With this embodiment of the loading method, the cylinder tube 6 is inserted only a short distance into the stent applicator 2 and then, while fixing the cylinder 3 in this position in the stent applicator 2, the piston 4 is pushed forward to the stent applicator 2 until the piston 9 has pressed the stent 13 completely out of the cylinder tube 6 and into the stent applicator 2.
The loading device 1 described above is particularly advantageous for loading a stent applicator 2 with wire-mesh stents 13, because the actual insertion of the stent 13 into the stent applicator 2 occurs without manual action, avoiding any risk of injury for the user of the loading device 1 by the sharp, pointed ends of the wire-mesh stents 13.

Claims

1. A method for loading a stent applicator, characterized by these steps:

a) Exert a lateral pressure on the stent to reduce its diameter,

b) Insert the compressed stent into a loading device that includes a cylinder-piston arrangement,

c) At least partially insert the loading device into the stent applicator, and

d) Load the stent applicator with the stent by pushing the components of the loading device cylinder and piston relative to one another.

2. The method according to claim 1, wherein in step a) of the method the lateral pressure is exerted on the stent manually.

3. The method according to claim 1, wherein in step a) of the method the lateral pressure is exerted on the stent by means of a pressing device.

4. The method according to claim 1, wherein the stent in step b) of the method is inserted through a lateral slit in the loading device.

5. The method according to claim 1, wherein in step d) of the method, for emptying the loading device, the piston is held firmly and the cylinder is moved away from the stent applicator.

6. The method according to claim 1, wherein in step d) of the method, to empty the loading device, the cylinder is held firmly and the piston is moved toward the stent applicator.

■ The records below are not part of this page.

(* Let $\alpha_1,\alpha_2,\alpha_3:\mathbb N\to[0,\infty)$ be non-negative, bounded and increasing functions with $\alpha_1(0)=\alpha_2(0)=\alpha_3(0)=0$ and $\lim_{c\to\infty}(\alpha_1(c)+\alpha_2(c))<1$, and let $\lambda>0$. Consider the equation $w(c)=\min\{\alpha_1(c)w(c+1)+\alpha_2(c)w(c-1)+\alpha_3(c);\ \lambda\},\qquad c\in\mathbb N,\qquad(\ast)$ where the term $\alpha_2(0)w(-1)$ is taken to be $0$. Then: (a) equation $(\ast)$ has exactly one bounded solution $w:\mathbb N\to\mathbb R$; (b) let $\zeta_j=\lim_{c\to\infty}\alpha_j(c)$ for $j=1,2,3$ and $\lambda^*=\frac{\zeta_3}{1-\zeta_1-\zeta_2}$. If $\lambda<\lambda^*$, then there is $c^*\in\mathbb N$, $c^*\ge1$, such that the first term $\alpha_1(c)w(c+1)+\alpha_2(c)w(c-1)+\alpha_3(c)$ in the minimum in $(\ast)$ (with $w$ the bounded solution) is strictly bigger than $\lambda$ if and only if $c\ge c^*$. If $\lambda\ge\lambda^*$, then this first term is not bigger than $\lambda$, and hence equals $w(c)$, for all $c\in\mathbb N$. *)

theory Defs
  imports Complex_Main
begin

definition first_term :: "(nat \<Rightarrow> real) \<Rightarrow> (nat \<Rightarrow> real) \<Rightarrow> (nat \<Rightarrow> real) \<Rightarrow> (nat \<Rightarrow> real) \<Rightarrow> nat \<Rightarrow> real" where
  "first_term a1 a2 a3 w c =
     a1 c * w (c + 1) + (if c = 0 then 0 else a2 c * w (c - 1)) + a3 c"

definition solves_eq :: "(nat \<Rightarrow> real) \<Rightarrow> (nat \<Rightarrow> real) \<Rightarrow> (nat \<Rightarrow> real) \<Rightarrow> real \<Rightarrow> (nat \<Rightarrow> real) \<Rightarrow> bool" where
  "solves_eq a1 a2 a3 lam w \<longleftrightarrow> (\<forall>c. w c = min (first_term a1 a2 a3 w c) lam)"

definition bounded_fun :: "(nat \<Rightarrow> real) \<Rightarrow> bool" where
  "bounded_fun w \<longleftrightarrow> (\<exists>B. \<forall>c. \<bar>w c\<bar> \<le> B)"

end

theory Submission
  imports Defs
begin

text \<open>
  Existence comes from value iteration started at 0: the operator
  w \<mapsto> min (first_term w) lam is monotone, so its iterates increase to a solution with
  values in [0, lam], and by induction they are increasing in c as well, hence so is the
  solution. Since a1 + a2 \<le> z1 + z2 < 1 for the limits zj of the aj, the operator is a
  contraction for the supremum distance, which gives uniqueness among bounded functions.

  For (b), the first term is increasing in c and vanishes at 0, so the set where it exceeds
  lam is a final segment [c*, \<infinity>) with c* \<ge> 1, possibly empty. If it is empty, the solution
  is a fixed point of the first term, and passing to the limit in that equation shows that
  the limit of the solution is lam*; as this limit is at most lam, we get lam \<ge> lam*.
  Conversely, once the first term exceeds lam the solution equals lam from there on, and
  then the first term one step later is at most z1 lam + z2 lam + z3, which is \<le> lam
  whenever lam \<ge> lam*; together with monotonicity this rules out crossing lam at all.
\<close>

lemma incseq_bounded_fun_tendsto_lim:
  fixes a :: "nat \<Rightarrow> real"
  assumes "bounded_fun a" and "mono a"
  shows "a \<longlonglongrightarrow> lim a" and "a c \<le> lim a"
proof -
  obtain B where "\<forall>c. a c \<le> B"
    using assms(1) unfolding bounded_fun_def by (meson abs_le_D1)
  then obtain L where "a \<longlonglongrightarrow> L"
    using incseq_convergent assms(2) by blast
  moreover from this have "lim a = L"
    by (rule limI)
  ultimately show "a \<longlonglongrightarrow> lim a" and "a c \<le> lim a"
    using incseq_le assms(2) by auto
qed

lemma mono_threshold_nat:
  fixes f :: "nat \<Rightarrow> 'a::linorder"
  assumes "mono f" and "f 0 \<le> t" and "t < f c"
  obtains c\<^sub>0 where "1 \<le> c\<^sub>0" and "\<And>c. t < f c \<longleftrightarrow> c\<^sub>0 \<le> c"
proof
  let ?c\<^sub>0 = "LEAST c. t < f c"
  have "t < f ?c\<^sub>0"
    using assms(3) by (rule LeastI)
  then show "1 \<le> ?c\<^sub>0"
    using assms(2) by (metis leD less_one not_less)
  show "t < f c \<longleftrightarrow> ?c\<^sub>0 \<le> c" for c
    using Least_le[of "\<lambda>c. t < f c" c] monoD[OF assms(1), of ?c\<^sub>0 c] \<open>t < f ?c\<^sub>0\<close>
    by (auto intro: less_le_trans)
qed

lemma first_term_mono_fun:
  assumes "\<And>c. a1 c \<ge> 0" and "\<And>c. a2 c \<ge> 0" and "\<And>c. w c \<le> v c"
  shows "first_term a1 a2 a3 w c \<le> first_term a1 a2 a3 v c"
  using assms by (auto simp: first_term_def intro!: add_mono mult_left_mono)

lemma mono_first_term:
  assumes a1: "\<And>c. a1 c \<ge> 0" "mono a1" and a2: "\<And>c. a2 c \<ge> 0" "mono a2"
    and a3: "mono a3" and w: "\<And>c. w c \<ge> 0" "mono w"
  shows "mono (first_term a1 a2 a3 w)"
proof (rule incseq_SucI)
  fix c
  have "a1 c * w (c + 1) \<le> a1 (Suc c) * w (Suc c + 1)"
    using a1 w by (intro mult_mono) (auto simp: monoD)
  moreover have "(if c = 0 then 0 else a2 c * w (c - 1)) \<le> a2 (Suc c) * w c"
    using a2 w by (auto intro!: mult_mono simp: monoD)
  moreover have "a3 c \<le> a3 (Suc c)"
    using a3 by (simp add: monoD)
  ultimately show "first_term a1 a2 a3 w c \<le> first_term a1 a2 a3 w (Suc c)"
    by (simp add: first_term_def)
qed

lemma first_term_tendsto:
  assumes "\<And>c. (\<lambda>n. W n c) \<longlonglongrightarrow> w c"
  shows "(\<lambda>n. first_term a1 a2 a3 (W n) c) \<longlonglongrightarrow> first_term a1 a2 a3 w c"
  unfolding first_term_def by (cases "c = 0") (auto intro!: tendsto_intros assms)

lemma first_term_diff_le:
  assumes "\<And>c. a1 c \<ge> 0" and "\<And>c. a2 c \<ge> 0" and "0 \<le> D"
    and "\<And>c. \<bar>v c - w c\<bar> \<le> D"
  shows "\<bar>first_term a1 a2 a3 v c - first_term a1 a2 a3 w c\<bar> \<le> (a1 c + a2 c) * D"
proof -
  let ?d1 = "a1 c * (v (c + 1) - w (c + 1))"
  let ?d2 = "if c = 0 then 0 else a2 c * (v (c - 1) - w (c - 1))"
  have diff: "first_term a1 a2 a3 v c - first_term a1 a2 a3 w c = ?d1 + ?d2"
    by (simp add: first_term_def algebra_simps)
  have "\<bar>?d1\<bar> \<le> a1 c * D" and "\<bar>?d2\<bar> \<le> a2 c * D"
    using assms by (simp_all add: abs_mult mult_left_mono)
  then have "\<bar>?d1 + ?d2\<bar> \<le> a1 c * D + a2 c * D"
    using abs_triangle_ineq[of ?d1 ?d2] by linarith
  then show ?thesis
    unfolding diff by (simp add: distrib_right)
qed

lemma solves_eq_exists_mono:
  assumes a1: "\<And>c. a1 c \<ge> 0" "mono a1" and a2: "\<And>c. a2 c \<ge> 0" "mono a2"
    and a3: "\<And>c. a3 c \<ge> 0" "mono a3" and "0 \<le> lam"
  obtains w where "solves_eq a1 a2 a3 lam w" and "\<And>c. 0 \<le> w c" and "\<And>c. w c \<le> lam"
    and "mono w"
proof -
  define T where "T w c = min (first_term a1 a2 a3 w c) lam" for w c
  define W where "W n = (T ^^ n) (\<lambda>_. 0)" for n
  have W_Suc: "W (Suc n) = T (W n)" for n
    by (simp add: W_def)
  have T_mono: "T v c \<le> T u c" if "\<And>c. v c \<le> u c" for u v c
    unfolding T_def using a1(1) a2(1) that by (intro min.mono first_term_mono_fun) auto
  have W_le_lam: "W n c \<le> lam" for n c
    using \<open>0 \<le> lam\<close> by (cases n) (auto simp: W_Suc W_def T_def)
  have W_incseq: "incseq (\<lambda>n. W n c)" for c
  proof -
    have "W n c \<le> W (Suc n) c" for n
    proof (induction n arbitrary: c)
      case 0
      show ?case using a3 \<open>0 \<le> lam\<close> by (simp add: W_def T_def first_term_def)
    next
      case (Suc n)
      then show ?case
        using T_mono[of "W n" "W (Suc n)"] by (simp only: W_Suc)
    qed
    then show ?thesis by (rule incseq_SucI)
  qed
  have W_nonneg: "0 \<le> W n c" for n c
    using monoD[OF W_incseq, of 0 n] by (simp add: W_def)
  have W_mono: "mono (W n)" for n
  proof (induction n)
    case 0
    show ?case by (simp add: W_def mono_def)
  next
    case (Suc n)
    have "mono (first_term a1 a2 a3 (W n))"
      using a1 a2 a3 W_nonneg Suc by (intro mono_first_term)
    then show ?case
      unfolding W_Suc T_def mono_def by (meson min.mono order_refl)
  qed
  define w where "w c = lim (\<lambda>n. W n c)" for c
  have W_tendsto: "(\<lambda>n. W n c) \<longlonglongrightarrow> w c" for c
    using incseq_bounded_fun_tendsto_lim(1)[OF _ W_incseq] W_le_lam W_nonneg
    unfolding w_def bounded_fun_def by (metis abs_of_nonneg)
  have "solves_eq a1 a2 a3 lam w"
    unfolding solves_eq_def
  proof
    fix c
    have "(\<lambda>n. W (Suc n) c) \<longlonglongrightarrow> min (first_term a1 a2 a3 w c) lam"
      unfolding W_Suc T_def by (intro tendsto_intros first_term_tendsto W_tendsto)
    then show "w c = min (first_term a1 a2 a3 w c) lam"
      using LIMSEQ_unique LIMSEQ_Suc[OF W_tendsto] by blast
  qed
  moreover have "0 \<le> w c" and "w c \<le> lam" for c
    using W_tendsto[of c] W_nonneg W_le_lam
    by (auto intro: LIMSEQ_le_const LIMSEQ_le_const2)
  moreover have "mono w"
    unfolding mono_def by (auto intro!: LIMSEQ_le[OF W_tendsto W_tendsto] monoD[OF W_mono])
  ultimately show thesis ..
qed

7. A device for loading a stent applicator, characterized by a cylinder-piston arrangement with a cylinder that is slit at least partially in the longitudinal direction and a piston mounted so that it can slide within cylinder.

8. The device according to claim 7, wherein the cylinder is configured as a tube that is slit in the longitudinal direction with a handle positioned on the proximal end, so that the slit extends to the distal end of the cylinder tube.

9. The device according to claim 8, wherein the handle is configured as a disc mounted on the proximal end of the cylinder tube.

10. The device according to claim 7, wherein the piston is configured as a rod-shaped plunger that is mounted essentially form-locked in the cylinder and can be slid in the longitudinal direction of the cylinder with a handle positioned on the proximal end.

11. The device according to claim 10, wherein the handle is configured as a disc that is mounted on the cylinder tube and that is connected with the piston by a stud in the area of the slit configured in the cylinder tube.

12. The device according to claim 7, wherein the stents are preferably configured as wire-mesh stents.

13. A pressing device for exerting a lateral pressure on a stent for reducing its diameter, characterized by at least one pressure means that surrounds the stent at least partially.

14. The pressing device according to claim 13, wherein the at least one pressure means is configured as jaw members of a forceps-type tool.

15. The pressing device according to claim 13, wherein the at least one pressure means is configured as a flexible band that surrounds and compresses the stent.